=== STUDY MATERIAL ===
(* Let $M$ be a locally principally quasi-retractable right $R$-module with $S=\mathrm{End}_R(M)$. If $S$ is a left centrally AIP ring, then $M$ is a centrally endo-AIP module.
   Context: For $X\subseteq M$, $l_S(X)=\{\phi\in S:\phi(X)=0\}$; for $I\subseteq S$, $r_M(I)=\{m\in M: I m=0\}$, and for $T\subseteq S$, $l_S(T)=\{f\in S: fT=0\}$. $M$ is locally principally quasi-retractable if for every principal ideal $I$ of $S$ with $r_M(I)\neq 0$ there is a nonzero $\psi\in S$ with $r_M(I)=\psi(M)$. An ideal $J$ of $S$ is centrally s-unital if for every $a\in J$ there is $z\in J$ central in $S$ with $az=a$. $S$ is left centrally AIP if $l_S(T)$ is centrally s-unital for every ideal $T$ of $S$. $M$ is centrally endo-AIP if $l_S(N)$ is a centrally s-unital ideal of $S$ for every fully invariant submodule $N$ of $M$. *)

theory Defs
  imports Main
begin

text \<open>A right R-module: the abelian group 'm (whole type) with a right scalar action
  smult :: 'm => 'r => 'm, R a (not necessarily commutative) ring with 1.\<close>

definition right_module :: "('m::ab_group_add \<Rightarrow> 'r::ring_1 \<Rightarrow> 'm) \<Rightarrow> bool" where
  "right_module smult \<longleftrightarrow>
     (\<forall>x y r. smult (x + y) r = smult x r + smult y r) \<and>
     (\<forall>x r s. smult x (r + s) = smult x r + smult x s) \<and>
     (\<forall>x r s. smult x (r * s) = smult (smult x r) s) \<and>
     (\<forall>x. smult x 1 = x)"

text \<open>S = End_R(M), with addition pointwise, multiplication = composition
  (endomorphisms act on the left, so the product f g is f \<circ> g), zero = (\<lambda>_. 0).\<close>

definition End :: "('m::ab_group_add \<Rightarrow> 'r::ring_1 \<Rightarrow> 'm) \<Rightarrow> ('m \<Rightarrow> 'm) set" where
  "End smult = {f. (\<forall>x y. f (x + y) = f x + f y) \<and> (\<forall>x r. f (smult x r) = smult (f x) r)}"

definition End_ideal :: "('m::ab_group_add \<Rightarrow> 'r::ring_1 \<Rightarrow> 'm) \<Rightarrow> ('m \<Rightarrow> 'm) set \<Rightarrow> bool" where
  "End_ideal smult I \<longleftrightarrow> I \<subseteq> End smult \<and> (\<lambda>_. 0) \<in> I \<and>
     (\<forall>a\<in>I. \<forall>b\<in>I. (\<lambda>x. a x - b x) \<in> I) \<and>
     (\<forall>s\<in>End smult. \<forall>a\<in>I. s \<circ> a \<in> I \<and> a \<circ> s \<in> I)"

definition End_principal_ideal_gen :: "('m::ab_group_add \<Rightarrow> 'r::ring_1 \<Rightarrow> 'm) \<Rightarrow> ('m \<Rightarrow> 'm) \<Rightarrow> ('m \<Rightarrow> 'm) set" where
  "End_principal_ideal_gen smult a = \<Inter>{I. End_ideal smult I \<and> a \<in> I}"

definition End_principal_ideal :: "('m::ab_group_add \<Rightarrow> 'r::ring_1 \<Rightarrow> 'm) \<Rightarrow> ('m \<Rightarrow> 'm) set \<Rightarrow> bool" where
  "End_principal_ideal smult I \<longleftrightarrow> (\<exists>a\<in>End smult. I = End_principal_ideal_gen smult a)"

definition r_M :: "('m::zero \<Rightarrow> 'm) set \<Rightarrow> 'm set" where
  "r_M I = {m. \<forall>\<phi>\<in>I. \<phi> m = 0}"

definition l_S_mod :: "('m::ab_group_add \<Rightarrow> 'r::ring_1 \<Rightarrow> 'm) \<Rightarrow> 'm set \<Rightarrow> ('m \<Rightarrow> 'm) set" where
  "l_S_mod smult X = {\<phi>\<in>End smult. \<forall>x\<in>X. \<phi> x = 0}"

definition l_S_ring :: "('m::ab_group_add \<Rightarrow> 'r::ring_1 \<Rightarrow> 'm) \<Rightarrow> ('m \<Rightarrow> 'm) set \<Rightarrow> ('m \<Rightarrow> 'm) set" where
  "l_S_ring smult T = {f\<in>End smult. \<forall>t\<in>T. f \<circ> t = (\<lambda>_. 0)}"

definition locally_principally_quasi_retractable :: "('m::ab_group_add \<Rightarrow> 'r::ring_1 \<Rightarrow> 'm) \<Rightarrow> bool" where
  "locally_principally_quasi_retractable smult \<longleftrightarrow>
     (\<forall>I. End_principal_ideal smult I \<and> r_M I \<noteq> {0} \<longrightarrow>
        (\<exists>\<psi>\<in>End smult. \<psi> \<noteq> (\<lambda>_. 0) \<and> r_M I = range \<psi>))"

definition End_central :: "('m::ab_group_add \<Rightarrow> 'r::ring_1 \<Rightarrow> 'm) \<Rightarrow> ('m \<Rightarrow> 'm) \<Rightarrow> bool" where
  "End_central smult z \<longleftrightarrow> z \<in> End smult \<and> (\<forall>s\<in>End smult. z \<circ> s = s \<circ> z)"

definition centrally_s_unital :: "('m::ab_group_add \<Rightarrow> 'r::ring_1 \<Rightarrow> 'm) \<Rightarrow> ('m \<Rightarrow> 'm) set \<Rightarrow> bool" where
  "centrally_s_unital smult J \<longleftrightarrow> (\<forall>a\<in>J. \<exists>z\<in>J. End_central smult z \<and> a \<circ> z = a)"

definition left_centrally_AIP :: "('m::ab_group_add \<Rightarrow> 'r::ring_1 \<Rightarrow> 'm) \<Rightarrow> bool" where
  "left_centrally_AIP smult \<longleftrightarrow>
     (\<forall>T. End_ideal smult T \<longrightarrow> centrally_s_unital smult (l_S_ring smult T))"

definition submodule :: "('m::ab_group_add \<Rightarrow> 'r::ring_1 \<Rightarrow> 'm) \<Rightarrow> 'm set \<Rightarrow> bool" where
  "submodule smult N \<longleftrightarrow> 0 \<in> N \<and> (\<forall>x\<in>N. \<forall>y\<in>N. x - y \<in> N) \<and> (\<forall>x\<in>N. \<forall>r. smult x r \<in> N)"

definition fully_invariant :: "('m::ab_group_add \<Rightarrow> 'r::ring_1 \<Rightarrow> 'm) \<Rightarrow> 'm set \<Rightarrow> bool" where
  "fully_invariant smult N \<longleftrightarrow> submodule smult N \<and> (\<forall>\<phi>\<in>End smult. \<phi> ` N \<subseteq> N)"

definition centrally_endo_AIP :: "('m::ab_group_add \<Rightarrow> 'r::ring_1 \<Rightarrow> 'm) \<Rightarrow> bool" where
  "centrally_endo_AIP smult \<longleftrightarrow>
     (\<forall>N. fully_invariant smult N \<longrightarrow>
        End_ideal smult (l_S_mod smult N) \<and> centrally_s_unital smult (l_S_mod smult N))"

end

theory Submission
  imports Defs
begin

text \<open>
  Let \<open>a \<in> l\<^sub>S(N)\<close> and \<open>I = SaS\<close>. Then \<open>N \<subseteq> r\<^sub>M(I)\<close> and \<open>a\<close> annihilates \<open>r\<^sub>M(I)\<close>, so it suffices
  to find a central unit for \<open>a\<close> inside \<open>l\<^sub>S(r\<^sub>M(I))\<close>. If \<open>r\<^sub>M(I) = 0\<close> the identity does.
  Otherwise \<open>r\<^sub>M(I) = \<psi>(M)\<close>, and for the ideal \<open>T\<close> of endomorphisms with image in \<open>\<psi>(M)\<close>
  (an ideal because \<open>r\<^sub>M(I)\<close> is fully invariant) we have \<open>l\<^sub>S(T) = l\<^sub>S(\<psi>(M))\<close>, since \<open>\<psi> \<in> T\<close>;
  the left centrally AIP property of \<open>S\<close> applied to \<open>T\<close> provides the central unit.
\<close>

lemma End_add: "f \<in> End smult \<Longrightarrow> f (x + y) = f x + f y"
  unfolding End_def by blast

lemma End_smult: "f \<in> End smult \<Longrightarrow> f (smult x r) = smult (f x) r"
  unfolding End_def by blast

lemma End_zero: "f \<in> End smult \<Longrightarrow> f 0 = 0"
  by (metis End_add add_cancel_right_right)

lemma End_diff: "f \<in> End smult \<Longrightarrow> f (x - y) = f x - f y"
  by (metis End_add add_diff_cancel diff_add_cancel)

lemma right_module_smult_diff:
  "right_module smult \<Longrightarrow> smult (x - y) r = smult x r - smult y r"
  unfolding right_module_def by (metis add_diff_cancel diff_add_cancel)

lemma right_module_zero_smult: "right_module smult \<Longrightarrow> smult 0 r = 0"
  using right_module_smult_diff[of smult 0 0] by simp

lemma End_diff_closed:
  "right_module smult \<Longrightarrow> a \<in> End smult \<Longrightarrow> b \<in> End smult \<Longrightarrow> (\<lambda>x. a x - b x) \<in> End smult"
  unfolding End_def by (auto simp: right_module_smult_diff algebra_simps)

lemma End_zero_closed: "right_module smult \<Longrightarrow> (\<lambda>_. 0) \<in> End smult"
  unfolding End_def by (simp add: right_module_zero_smult)

lemma End_comp_closed: "a \<in> End smult \<Longrightarrow> b \<in> End smult \<Longrightarrow> a \<circ> b \<in> End smult"
  unfolding End_def by auto

lemma End_id: "id \<in> End smult"
  unfolding End_def by auto

lemma End_central_id: "End_central smult id"
  unfolding End_central_def using End_id by auto

lemma l_S_mod_zero: "l_S_mod smult {0} = End smult"
  unfolding l_S_mod_def using End_zero by auto

lemma centrally_s_unital_l_S_mod_zero: "centrally_s_unital smult (l_S_mod smult {0})"
  unfolding centrally_s_unital_def l_S_mod_zero using End_id End_central_id by fastforce

lemma End_ideal_End: "right_module smult \<Longrightarrow> End_ideal smult (End smult)"
  unfolding End_ideal_def using End_diff_closed End_zero_closed End_comp_closed by blast

lemma End_ideal_Inter:
  assumes "\<And>I. I \<in> \<I> \<Longrightarrow> End_ideal smult I" and "\<I> \<noteq> {}"
  shows "End_ideal smult (\<Inter>\<I>)"
  using assms unfolding End_ideal_def by blast

lemma End_ideal_principal_ideal_gen:
  assumes "right_module smult" and "a \<in> End smult"
  shows "End_ideal smult (End_principal_ideal_gen smult a)"
  unfolding End_principal_ideal_gen_def
  using assms End_ideal_End by (intro End_ideal_Inter) auto

lemma principal_ideal_gen_mem: "a \<in> End_principal_ideal_gen smult a"
  unfolding End_principal_ideal_gen_def by auto

lemma principal_ideal_gen_least:
  "End_ideal smult J \<Longrightarrow> a \<in> J \<Longrightarrow> End_principal_ideal_gen smult a \<subseteq> J"
  unfolding End_principal_ideal_gen_def by auto

lemma End_principal_ideal_imp_End_ideal:
  "right_module smult \<Longrightarrow> End_principal_ideal smult I \<Longrightarrow> End_ideal smult I"
  unfolding End_principal_ideal_def using End_ideal_principal_ideal_gen by blast

lemma l_S_mod_antimono: "X \<subseteq> Y \<Longrightarrow> l_S_mod smult Y \<subseteq> l_S_mod smult X"
  unfolding l_S_mod_def by auto

lemma fully_invariant_End_mem:
  "fully_invariant smult N \<Longrightarrow> s \<in> End smult \<Longrightarrow> x \<in> N \<Longrightarrow> s x \<in> N"
  unfolding fully_invariant_def by blast

lemma End_ideal_l_S_mod:
  assumes "right_module smult" and "fully_invariant smult N"
  shows "End_ideal smult (l_S_mod smult N)"
  unfolding End_ideal_def l_S_mod_def
  using End_diff_closed[OF assms(1)] End_zero_closed[OF assms(1)] End_comp_closed End_zero
    fully_invariant_End_mem[OF assms(2)]
  by auto

lemma fully_invariant_r_M:
  assumes "right_module smult" and "End_ideal smult I"
  shows "fully_invariant smult (r_M I)"
proof -
  have I_End: "\<And>\<phi>. \<phi> \<in> I \<Longrightarrow> \<phi> \<in> End smult"
    and I_comp: "\<And>\<phi> s. \<phi> \<in> I \<Longrightarrow> s \<in> End smult \<Longrightarrow> \<phi> \<circ> s \<in> I"
    using assms(2) unfolding End_ideal_def by auto
  have "s m \<in> r_M I" if s: "s \<in> End smult" and m: "m \<in> r_M I" for s m
  proof -
    have "(\<phi> \<circ> s) m = 0" if "\<phi> \<in> I" for \<phi>
      using I_comp[OF that s] m unfolding r_M_def by blast
    then show ?thesis
      unfolding r_M_def by simp
  qed
  moreover have "submodule smult (r_M I)"
    unfolding submodule_def r_M_def
    by (auto simp: I_End End_zero[OF I_End] End_diff[OF I_End] End_smult
        right_module_zero_smult[OF assms(1)])
  ultimately show ?thesis
    unfolding fully_invariant_def by auto
qed

definition End_into :: "('m::ab_group_add \<Rightarrow> 'r::ring_1 \<Rightarrow> 'm) \<Rightarrow> 'm set \<Rightarrow> ('m \<Rightarrow> 'm) set" where
  "End_into smult N = {t \<in> End smult. range t \<subseteq> N}"

lemma End_ideal_End_into:
  assumes "right_module smult" and "fully_invariant smult N"
  shows "End_ideal smult (End_into smult N)"
proof -
  have "0 \<in> N" and "\<And>x y. x \<in> N \<Longrightarrow> y \<in> N \<Longrightarrow> x - y \<in> N"
    using assms(2) unfolding fully_invariant_def submodule_def by auto
  then show ?thesis
    unfolding End_ideal_def End_into_def
    using End_diff_closed[OF assms(1)] End_zero_closed[OF assms(1)] End_comp_closed
      fully_invariant_End_mem[OF assms(2)]
    by (auto simp: image_subset_iff)
qed

lemma l_S_mod_subset_l_S_ring_End_into: "l_S_mod smult N \<subseteq> l_S_ring smult (End_into smult N)"
  unfolding l_S_mod_def l_S_ring_def End_into_def by (auto simp: fun_eq_iff image_subset_iff)

lemma l_S_ring_End_into_range:
  assumes "\<psi> \<in> End smult"
  shows "l_S_ring smult (End_into smult (range \<psi>)) = l_S_mod smult (range \<psi>)"
proof
  have "\<psi> \<in> End_into smult (range \<psi>)"
    using assms unfolding End_into_def by auto
  then show "l_S_ring smult (End_into smult (range \<psi>)) \<subseteq> l_S_mod smult (range \<psi>)"
    unfolding l_S_ring_def l_S_mod_def by (auto simp: fun_eq_iff)
qed (rule l_S_mod_subset_l_S_ring_End_into)

lemma centrally_s_unital_l_S_mod_range:
  assumes "right_module smult" and "left_centrally_AIP smult"
    and "\<psi> \<in> End smult" and "fully_invariant smult (range \<psi>)"
  shows "centrally_s_unital smult (l_S_mod smult (range \<psi>))"
  using assms(2) End_ideal_End_into[OF assms(1,4)] l_S_ring_End_into_range[OF assms(3)]
  unfolding left_centrally_AIP_def by metis

lemma centrally_s_unital_l_S_mod_r_M_principal:
  assumes "right_module smult" and "locally_principally_quasi_retractable smult"
    and "left_centrally_AIP smult" and "End_principal_ideal smult I"
  shows "centrally_s_unital smult (l_S_mod smult (r_M I))"
proof (cases "r_M I = {0}")
  case True
  then show ?thesis
    using centrally_s_unital_l_S_mod_zero by simp
next
  case False
  then obtain \<psi> where \<psi>: "\<psi> \<in> End smult" and r_M_eq: "r_M I = range \<psi>"
    using assms(2,4) unfolding locally_principally_quasi_retractable_def by blast
  have "fully_invariant smult (range \<psi>)"
    using fully_invariant_r_M[OF assms(1) End_principal_ideal_imp_End_ideal[OF assms(1,4)]]
    unfolding r_M_eq .
  with \<psi> show ?thesis
    unfolding r_M_eq by (rule centrally_s_unital_l_S_mod_range[OF assms(1,3)])
qed

theorem proposition3p5:
  fixes smult :: "'m::ab_group_add \<Rightarrow> 'r::ring_1 \<Rightarrow> 'm"
  assumes "right_module smult"
    and "locally_principally_quasi_retractable smult"
    and "left_centrally_AIP smult"
  shows "centrally_endo_AIP smult"
  unfolding centrally_endo_AIP_def
proof (intro allI impI conjI)
  fix N assume N: "fully_invariant smult N"
  show ideal: "End_ideal smult (l_S_mod smult N)"
    using End_ideal_l_S_mod[OF assms(1) N] .
  show "centrally_s_unital smult (l_S_mod smult N)"
    unfolding centrally_s_unital_def
  proof
    fix a assume a: "a \<in> l_S_mod smult N"
    define I where "I = End_principal_ideal_gen smult a"
    have "I \<subseteq> l_S_mod smult N"
      unfolding I_def using principal_ideal_gen_least[OF ideal a] .
    then have N_sub: "N \<subseteq> r_M I"
      unfolding r_M_def l_S_mod_def by auto
    have "a \<in> l_S_mod smult (r_M I)"
      using a principal_ideal_gen_mem[of a smult] unfolding I_def r_M_def l_S_mod_def by auto
    moreover have "End_principal_ideal smult I"
      unfolding End_principal_ideal_def I_def using a unfolding l_S_mod_def by auto
    ultimately obtain z where "z \<in> l_S_mod smult (r_M I)" "End_central smult z" "a \<circ> z = a"
      using centrally_s_unital_l_S_mod_r_M_principal[OF assms] unfolding centrally_s_unital_def
      by blast
    then show "\<exists>z\<in>l_S_mod smult N. End_central smult z \<and> a \<circ> z = a"
      using l_S_mod_antimono[OF N_sub] by blast
  qed
qed

end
===
I'd like the lines above from the one with "smult \<Longrightarrow> f 0" up to and including the one with "smult \<Longrightarrow> smult (x" copied exactly, with no other lines.

WRITTEN RESPONSE:
lemma End_zero: "f \<in> End smult \<Longrightarrow> f 0 = 0"
  by (metis End_add add_cancel_right_right)

lemma End_diff: "f \<in> End smult \<Longrightarrow> f (x - y) = f x - f y"
  by (metis End_add add_diff_cancel diff_add_cancel)

lemma right_module_smult_diff:
  "right_module smult \<Longrightarrow> smult (x - y) r = smult x r - smult y r"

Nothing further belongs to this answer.